= Bernhardt Jungmann =

German botanist (1671–1747)

Bernhardt Jungmann (1671–1747) was a German botanist who was a professor in Germany and visited the Thirteen Colonies.

==Biography==
Jungmann was born in Ronneburg. He studied at the University of Leipzig, and was professor of botany and chemistry in the University of Göttingen in 1702, and the University of Kiel in 1709. In 1712 he went to Leiden, and was sent by the Dutch government on a scientific mission to America. He visited successively Canada, New England, Mexico, Cuba, and Puerto Rico 1715–1724, and lived several years in Saint Eustache and Saint Lucia, returning in 1727 to Leiden.

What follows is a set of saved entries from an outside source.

lemma du_Bois_Reymond_periodic2pi:
  fixes h :: "real \<Rightarrow> real"
  assumes h: "set_integrable lborel {-pi<..<pi} h"
    and orth: "\<And>\<psi>. smooth_fun \<psi> \<Longrightarrow> periodic2pi \<psi> \<Longrightarrow> (LBINT x=-pi..pi. h x * deriv \<psi> x) = 0"
  shows "AE x in lborel. -pi < x \<and> x < pi \<longrightarrow> h x = (LBINT y=-pi..pi. h y) / (2 * pi)"
proof -
  define c where "c = (LBINT y=-pi..pi. h y) / (2 * pi)"
  have one: "set_integrable lborel {-pi<..<pi} (\<lambda>x. 1 :: real)"
    by (intro set_integrable_bounded_measurable[where B=1]) auto
  have "(LBINT x=a..b. h x - c) = 0" if ab: "-pi \<le> a" "a < b" "b \<le> pi" for a b
  proof -
    have eq: "(LBINT x=-pi..pi. h x * smooth_indicator a b m x)
        = (LBINT x=-pi..pi. 1 * smooth_indicator a b m x) * c" for m
      using integral_mult_smooth_periodic2pi[OF h orth smooth_fun_smooth_indicator
          periodic2pi_smooth_indicator] by (simp add: c_def)
    have "(\<lambda>m. LBINT x=-pi..pi. h x * smooth_indicator a b m x)
        \<longlonglongrightarrow> (LBINT x=-pi..pi. 1 * indicator {a<..<b} x) * c"
      unfolding eq by (intro tendsto_mult_right tendsto_integral_smooth_indicator[OF one ab])
    with tendsto_integral_smooth_indicator[OF h ab]
    have "(LBINT x=-pi..pi. h x * indicator {a<..<b} x)
        = (LBINT x=-pi..pi. 1 * indicator {a<..<b} x) * c"
      by (rule LIMSEQ_unique)
    then have "(LBINT x=a..b. h x) = (b - a) * c"
      using ab interval_integral_mult_indicator[of "-pi" a b pi h]
        interval_integral_mult_indicator[of "-pi" a b pi "\<lambda>x. 1"] by simp
    moreover have "interval_lebesgue_integrable lborel (ereal a) (ereal b) h"
      using ab by (auto simp: interval_lebesgue_integrable_def intro: set_integrable_subset[OF h])
    ultimately show ?thesis by simp
  qed
  moreover have "set_integrable lborel {-pi<..<pi} (\<lambda>x. h x - c)"
    using h set_integrable_mult_right[OF one, of c] by (intro set_integral_diff) auto
  ultimately have "AE x in lborel. -pi < x \<and> x < pi \<longrightarrow> h x - c = 0"
    by (intro AE_eq_0_on_interval_if_interval_integrals_eq_0) auto
  then show ?thesis
    by (simp add: c_def)
qed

He went again to Mexico in 1744, but was persecuted and imprisoned for his faith. He died there of yellow fever a few days before his intended departure for Europe.

==Works==
- Fasciculus plantarum rariarum et exoticarum (Leyden, 1728)
- Naturalis dispositio echinodermatum (1731)
- Historia piscium naturalis (1732)
- Historia adium (1733)
- Tantamen methodi astrocologicae, sive dispositio naturalis cochlidum et concharum (2 vols., 1741)
- Methodus plantarum genuina (1743)
- Enumeratio plantarum circa Mexico sponte provenientium (Mexico, 1746)
- Thesaurus plantarum americanarum (2 vols., 1747)

He also contributed papers to the academies of sciences of Paris and Vienna, on Mexican antiquities, which were inserted in the Recueil des mémoires de l'académie, and reprinted in the Blätter für literarische Unterhaltung (Brunswick, 1837).